Today brought news that Lone Star Steakhouse had laid off 1,500 full and part-time workers as a result of closing 26 restaurants. About two weeks ago, Brinker International eliminated 125 corporate jobs. CEO Wally Doolin was among the 13 percent of Buca Inc.’s employees who lost their jobs through cutbacks that took full effect Feb. 1 (though Wally continues to serve as board chairman of the Buca di Beppo parent). In early December, Rock Bottom Breweries cut its support staff by 19 percent. Clearly manufacturing, media and financial services aren’t the only sectors of the economy to hack their payrolls in recent days. Their axes just whistled louder because of the scale.

The few foodservice economizers to snag headlines were the ones that made a public confession.

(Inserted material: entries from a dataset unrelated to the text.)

(* Let $(X,\mathcal{B},\mu)$ be a standard $\sigma$-finite measure space and let $\xi$ be a probability measure on $(X^*,\mathcal{B}^* )$ whose barycenter is $\mu$. Let $\{A_n\}_{n=1}^{\infty}$ be a measurable partition of $X$ into sets with $\mu(A_n)<\infty$. Then $(X^*,\mathcal{B}^* )$ is isomorphic modulo $\xi$ to $$\Big(\prod_{n=1}^{\infty} C A_n^\dagger,\ \bigotimes_{n=1}^{\infty}\mathcal{B}(C A_n^\dagger)\Big),$$ where for a space $Z$, $CZ:=(Z\times\mathbb{R}_+)/(Z\times\{0\})$ denotes the cone of $Z$, $A_n^\dagger$ is the set of probability measures on $A_n$ equipped with the natural $\sigma$-algebra coming from $\mathcal{B}\cap A_n$, and $\mathcal{B}(CA_n^\dagger)$ is the induced $\sigma$-algebra on the cone.
   Context: $X^*$ denotes the set of all measures on $(X,\mathcal{B})$, and $\mathcal{B}^*$ is the $\sigma$-algebra on $X^*$ generated by the sets $\{\gamma\in X^*:\gamma(B)\in[a,b]\}$ for $B\in\mathcal{B}$, $0\le a\le b\le\infty$. A probability $\xi$ on $(X^*,\mathcal{B}^* )$ has barycenter $\mu$ if for every $f\in L^1(X,\mathcal{B},\mu)$, $\int f\,d\mu=\int f^*(\gamma)\,d\xi(\gamma)$, where $f^*(\gamma)=\int f\,d\gamma$; in particular, if $\mu(A)=0$ then $\xi(\{\gamma:\gamma(A)>0\})=0$. "Isomorphic modulo $\xi$" means there is a $\mathcal{B}^*$-measurable map defined and injective on a set of full $\xi$-measure onto the product space with measurable inverse. *)

theory Defs
  imports "HOL-Probability.Probability"
begin

definition borel_embedding :: "'a measure \<Rightarrow> ('a \<Rightarrow> 'p::polish_space) \<Rightarrow> bool" where
  "borel_embedding M \<phi> \<longleftrightarrow> (\<exists>S \<in> sets borel. bij_betw \<phi> (space M) S \<and>
      \<phi> \<in> M \<rightarrow>\<^sub>M restrict_space borel S \<and>
      the_inv_into (space M) \<phi> \<in> restrict_space borel S \<rightarrow>\<^sub>M M)"

definition measures_space :: "'a measure \<Rightarrow> 'a measure measure" where
  "measures_space M = sigma {\<gamma>. sets \<gamma> = sets M}
     {{\<gamma>. sets \<gamma> = sets M \<and> emeasure \<gamma> B \<in> {a..b}} | B a b. B \<in> sets M \<and> a \<le> b}"

definition has_barycenter :: "'a measure measure \<Rightarrow> 'a measure \<Rightarrow> bool" where
  "has_barycenter \<xi> M \<longleftrightarrow> (\<forall>f::'a \<Rightarrow> real. integrable M f \<longrightarrow>
      (AE \<gamma> in \<xi>. integrable \<gamma> f) \<and> integrable \<xi> (\<lambda>\<gamma>. \<integral>x. f x \<partial>\<gamma>) \<and>
      (\<integral>x. f x \<partial>M) = (\<integral>\<gamma>. (\<integral>x. f x \<partial>\<gamma>) \<partial>\<xi>))"

text \<open>Cone CZ = (Z x R_+)/(Z x {0}); the apex is None, the class of (z,t), t>0, is Some (z,t).
  The sigma-algebra is the quotient (final) sigma-algebra of the product sigma-algebra.\<close>
definition cone_quot :: "'b \<times> real \<Rightarrow> ('b \<times> real) option" where
  "cone_quot = (\<lambda>(z,t). if t = 0 then None else Some (z,t))"

definition meas_cone :: "'b measure \<Rightarrow> ('b \<times> real) option measure" where
  "meas_cone Z = (let R = restrict_space borel {0::real..};
                 \<Omega> = {None} \<union> cone_quot ` (space Z \<times> {0::real..})
             in measure_of \<Omega>
                  {U. U \<subseteq> \<Omega> \<and> cone_quot -` U \<inter> space (Z \<Otimes>\<^sub>M R) \<in> sets (Z \<Otimes>\<^sub>M R)} (\<lambda>_. 0))"

definition iso_mod :: "'x measure \<Rightarrow> 'y measure \<Rightarrow> bool" where
  "iso_mod \<xi> P \<longleftrightarrow> (\<exists>Y \<Phi> \<psi>. Y \<in> sets \<xi> \<and> emeasure \<xi> (space \<xi> - Y) = 0 \<and>
      \<Phi> \<in> restrict_space \<xi> Y \<rightarrow>\<^sub>M P \<and> inj_on \<Phi> Y \<and> \<Phi> ` Y = space P \<and>
      \<psi> \<in> P \<rightarrow>\<^sub>M restrict_space \<xi> Y \<and> (\<forall>y\<in>Y. \<psi> (\<Phi> y) = y))"

end

theory Submission
  imports Defs
begin

text \<open>
  Let \<open>Y\<close> be the set of measures \<open>\<gamma>\<close> with \<open>\<gamma>(A\<^sub>n) < \<infinity>\<close> for all \<open>n\<close>. Applying the
  barycenter formula to the indicator of \<open>A\<^sub>n\<close> (which is \<open>\<mu>\<close>-integrable) shows that
  \<open>\<xi>\<close>-almost every \<open>\<gamma>\<close> lies in \<open>Y\<close>. On \<open>Y\<close>, the map sending \<open>\<gamma>\<close> to the family of points
  \<open>(\<gamma>(A\<^sub>n)\<^sup>-\<^sup>1 \<gamma>|\<^bsub>A\<^sub>n\<^esub>, \<gamma>(A\<^sub>n))\<close> of the cones \<open>C A\<^sub>n\<^sup>\<dagger>\<close> (the apex when \<open>\<gamma>(A\<^sub>n) = 0\<close>) is
  inverted by gluing, \<open>(p\<^sub>n, t\<^sub>n)\<^sub>n \<mapsto> \<Sum>\<^sub>n t\<^sub>n p\<^sub>n\<close>. Both maps are measurable since on either
  side the \<open>\<sigma>\<close>-algebra is generated by the evaluations \<open>\<gamma> \<mapsto> \<gamma>(B)\<close>.
\<close>

lemma space_measures_space: "space (measures_space M) = {\<gamma>. sets \<gamma> = sets M}"
  unfolding measures_space_def by (rule space_measure_of) auto

lemma measurable_emeasure_measures_space:
  assumes "B \<in> sets M"
  shows "(\<lambda>\<gamma>. emeasure \<gamma> B) \<in> borel_measurable (measures_space M)"
proof (rule borel_measurableI_le)
  fix y :: ennreal
  have "{\<gamma> \<in> space (measures_space M). emeasure \<gamma> B \<le> y}
      = {\<gamma>. sets \<gamma> = sets M \<and> emeasure \<gamma> B \<in> {0..y}}"
    by (auto simp: space_measures_space)
  also have "\<dots> \<in> sets (measures_space M)"
    unfolding measures_space_def using assms
    by (subst sets_measure_of, blast)
      (rule sigma_sets.Basic, intro CollectI exI[where x=B] exI[where x=0] exI[where x=y], simp)
  finally show "{\<gamma> \<in> space (measures_space M). emeasure \<gamma> B \<le> y} \<in> sets (measures_space M)" .
qed

lemma measurable_measures_spaceI:
  assumes "\<And>x. x \<in> space N \<Longrightarrow> sets (f x) = sets M"
    and "\<And>B. B \<in> sets M \<Longrightarrow> (\<lambda>x. emeasure (f x) B) \<in> borel_measurable N"
  shows "f \<in> N \<rightarrow>\<^sub>M measures_space M"
  unfolding measures_space_def
proof (rule measurable_measure_of)
  fix U assume "U \<in> {{\<gamma>. sets \<gamma> = sets M \<and> emeasure \<gamma> B \<in> {a..b}} | B a b. B \<in> sets M \<and> a \<le> b}"
  then obtain B a b where U: "U = {\<gamma>. sets \<gamma> = sets M \<and> emeasure \<gamma> B \<in> {a..b}}" and B: "B \<in> sets M"
    by blast
  have "f -` U \<inter> space N = {x \<in> space N. a \<le> emeasure (f x) B \<and> emeasure (f x) B \<le> b}"
    using assms(1) by (auto simp: U)
  also have "\<dots> \<in> sets N"
    using assms(2)[OF B] by measurable
  finally show "f -` U \<inter> space N \<in> sets N" .
qed (use assms(1) in auto)

lemma space_meas_cone: "space (meas_cone Z) = {None} \<union> cone_quot ` (space Z \<times> {0..})"
  unfolding meas_cone_def Let_def by (rule space_measure_of) auto

lemma meas_cone_eq_measure_of:
  "meas_cone Z = measure_of (space (meas_cone Z))
     {U. U \<subseteq> space (meas_cone Z) \<and>
         cone_quot -` U \<inter> space (Z \<Otimes>\<^sub>M restrict_space borel {0..})
           \<in> sets (Z \<Otimes>\<^sub>M restrict_space borel {0..})} (\<lambda>_. 0)"
  unfolding space_meas_cone by (simp add: meas_cone_def Let_def)

lemma in_space_meas_cone_iff:
  "c \<in> space (meas_cone Z) \<longleftrightarrow> c = None \<or> (\<exists>z t. c = Some (z, t) \<and> z \<in> space Z \<and> 0 < t)"
proof
  assume "c \<in> space (meas_cone Z)"
  then show "c = None \<or> (\<exists>z t. c = Some (z, t) \<and> z \<in> space Z \<and> 0 < t)"
    by (auto simp: space_meas_cone cone_quot_def split: if_splits)
next
  assume "c = None \<or> (\<exists>z t. c = Some (z, t) \<and> z \<in> space Z \<and> 0 < t)"
  then show "c \<in> space (meas_cone Z)"
  proof
    assume "\<exists>z t. c = Some (z, t) \<and> z \<in> space Z \<and> 0 < t"
    then obtain z t where "c = Some (z, t)" "z \<in> space Z" "0 < t"
      by blast
    then have "c = cone_quot (z, t)" "(z, t) \<in> space Z \<times> {0..}"
      by (auto simp: cone_quot_def)
    then show ?thesis
      by (auto simp: space_meas_cone)
  qed (simp add: space_meas_cone)
qed

lemma in_sets_meas_coneI:
  assumes "U \<subseteq> space (meas_cone Z)"
    and "cone_quot -` U \<inter> space (Z \<Otimes>\<^sub>M restrict_space borel {0..})
      \<in> sets (Z \<Otimes>\<^sub>M restrict_space borel {0..})"
  shows "U \<in> sets (meas_cone Z)"
proof -
  have "U \<in> sets (measure_of (space (meas_cone Z))
     {U. U \<subseteq> space (meas_cone Z) \<and>
         cone_quot -` U \<inter> space (Z \<Otimes>\<^sub>M restrict_space borel {0..})
           \<in> sets (Z \<Otimes>\<^sub>M restrict_space borel {0..})} (\<lambda>_. 0))"
    using assms by (intro in_measure_of) auto
  then show ?thesis
    by (simp only: meas_cone_eq_measure_of[symmetric])
qed

lemma cone_quot_in_space_meas_cone:
  "p \<in> space (Z \<Otimes>\<^sub>M restrict_space borel {0..}) \<Longrightarrow> cone_quot p \<in> space (meas_cone Z)"
  by (auto simp: space_meas_cone space_pair_measure)

lemma measurable_from_meas_cone:
  assumes "g \<circ> cone_quot \<in> Z \<Otimes>\<^sub>M restrict_space borel {0..} \<rightarrow>\<^sub>M N"
    and "g \<in> space (meas_cone Z) \<rightarrow> space N"
  shows "g \<in> meas_cone Z \<rightarrow>\<^sub>M N"
proof -
  let ?P = "Z \<Otimes>\<^sub>M restrict_space borel {0::real..}"
  have "g -` U \<inter> space (meas_cone Z) \<in> sets (meas_cone Z)" if U: "U \<in> sets N" for U
  proof -
    have "cone_quot -` (g -` U \<inter> space (meas_cone Z)) \<inter> space ?P = (g \<circ> cone_quot) -` U \<inter> space ?P"
      using cone_quot_in_space_meas_cone[of _ Z] by auto
    also have "\<dots> \<in> sets ?P"
      using measurable_sets[OF assms(1) U] .
    finally show ?thesis
      by (intro in_sets_meas_coneI) auto
  qed
  then show ?thesis
    using assms(2) by (auto simp: measurable_def)
qed

lemma measurable_to_meas_cone:
  assumes S: "S \<in> sets N"
    and none: "\<And>x. x \<in> space N - S \<Longrightarrow> f x = None"
    and some: "\<And>x. x \<in> S \<Longrightarrow> f x = Some (h x) \<and> 0 < snd (h x)"
    and h: "h \<in> restrict_space N S \<rightarrow>\<^sub>M Z \<Otimes>\<^sub>M restrict_space borel {0..}"
  shows "f \<in> N \<rightarrow>\<^sub>M meas_cone Z"
proof (subst meas_cone_eq_measure_of, rule measurable_measure_of)
  let ?P = "Z \<Otimes>\<^sub>M restrict_space borel {0::real..}"
  have S_space: "S \<subseteq> space N"
    using S sets.sets_into_space by blast
  have f_quot: "f x = cone_quot (h x)" and h_space: "h x \<in> space ?P" if "x \<in> S" for x
    using some[OF that] measurable_space[OF h, of x] that S_space
    by (auto simp: cone_quot_def space_restrict_space split: prod.splits)
  show "f \<in> space N \<rightarrow> space (meas_cone Z)"
  proof
    fix x assume "x \<in> space N"
    then show "f x \<in> space (meas_cone Z)"
      using none[of x] f_quot[of x] h_space[of x] cone_quot_in_space_meas_cone[of "h x" Z]
      by (cases "x \<in> S") (auto simp: space_meas_cone)
  qed
  fix U assume "U \<in> {U. U \<subseteq> space (meas_cone Z) \<and> cone_quot -` U \<inter> space ?P \<in> sets ?P}"
  then have "h -` (cone_quot -` U \<inter> space ?P) \<inter> space (restrict_space N S) \<in> sets (restrict_space N S)"
    by (intro measurable_sets[OF h]) auto
  then have "h -` (cone_quot -` U \<inter> space ?P) \<inter> S \<in> sets N"
    using S S_space by (simp add: space_restrict_space sets_restrict_space_iff Int_absorb2)
  moreover have "f -` U \<inter> space N
      = (if None \<in> U then space N - S else {}) \<union> (h -` (cone_quot -` U \<inter> space ?P) \<inter> S)"
  proof (rule set_eqI)
    fix x
    show "x \<in> f -` U \<inter> space N \<longleftrightarrow>
        x \<in> (if None \<in> U then space N - S else {}) \<union> (h -` (cone_quot -` U \<inter> space ?P) \<inter> S)"
      using none[of x] f_quot[of x] h_space[of x] S_space by (cases "x \<in> S"; cases "None \<in> U") auto
  qed
  ultimately show "f -` U \<inter> space N \<in> sets N"
    using S by auto
qed blast

definition normalized_restriction :: "'a measure \<Rightarrow> 'a set \<Rightarrow> 'a measure" where
  "normalized_restriction \<gamma> \<Omega> = scale_measure (1 / emeasure \<gamma> \<Omega>) (restrict_space \<gamma> \<Omega>)"

lemma sets_normalized_restriction:
  "sets (normalized_restriction \<gamma> \<Omega>) = sets (restrict_space \<gamma> \<Omega>)"
  by (simp add: normalized_restriction_def)

lemma emeasure_normalized_restriction:
  assumes "\<Omega> \<in> sets \<gamma>" "X \<subseteq> \<Omega>"
  shows "emeasure (normalized_restriction \<gamma> \<Omega>) X = emeasure \<gamma> X / emeasure \<gamma> \<Omega>"
  using assms
  by (simp add: normalized_restriction_def emeasure_restrict_space sets.Int_space_eq2 ennreal_divide_times)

No doubt plenty of other restaurant home-office staffers were quietly put out of work after their companies were acquired in the ongoing swap-a-rama. The euphemism for that scenario is “rationalization,” were the buyer eliminates redundancies in finance, marketing, administration, HR, even payroll management itself. Why bother to buy a company if you can’t wring some economies and redundancies out of the combined operations?

Others were likely let go with a dash of stealth because of the general economic malaise that’s hanging on like a mooching relative.

I wish I were starting a restaurant company, because the pool of available talent is richer than a Britney Spears blooper tape. It’ll almost certainly deepen as more deals are done, more expansion plans are scrapped, and tougher times keep bean counters scrambling to find new ways of making their numbers.

It’s a shame to see such brainpower squandered. It’s especially galling when you consider that the industry will likely whine about the dearth of middle and senior-level executive candidates when the trade pulls out of its malaise in a year or two. Instead of fire-hardening their skills and judgement, the would-be leaders will lose precious time—if the industry doesn’t lose them altogether.

2 comments:

  1. Just last week the first Baby Boomer received her first benefit payment from the Social Security Administration. What this ultimately means is that nearly 2,000 boomers a day will be eligible for Social Security and may be enticed to gobble up any meager benefits that are available. Many statistics show that Social Security will be broken by 2041. This coupled with the fact that by 2010, there will be not enough Gen Xer's and Gen Y employees to fill the void left by the wake of Boomer leaving the workforce.

    The restaurant industry is really doing itself a short term disservice with more long term negative gains. You are correct that many of these "rising" stars in the mid-level and pre-executive level professionals will likely leave our industry. What will be more revealing is if many of these "players" will be allowed to come back to the sandbox in a couple of years.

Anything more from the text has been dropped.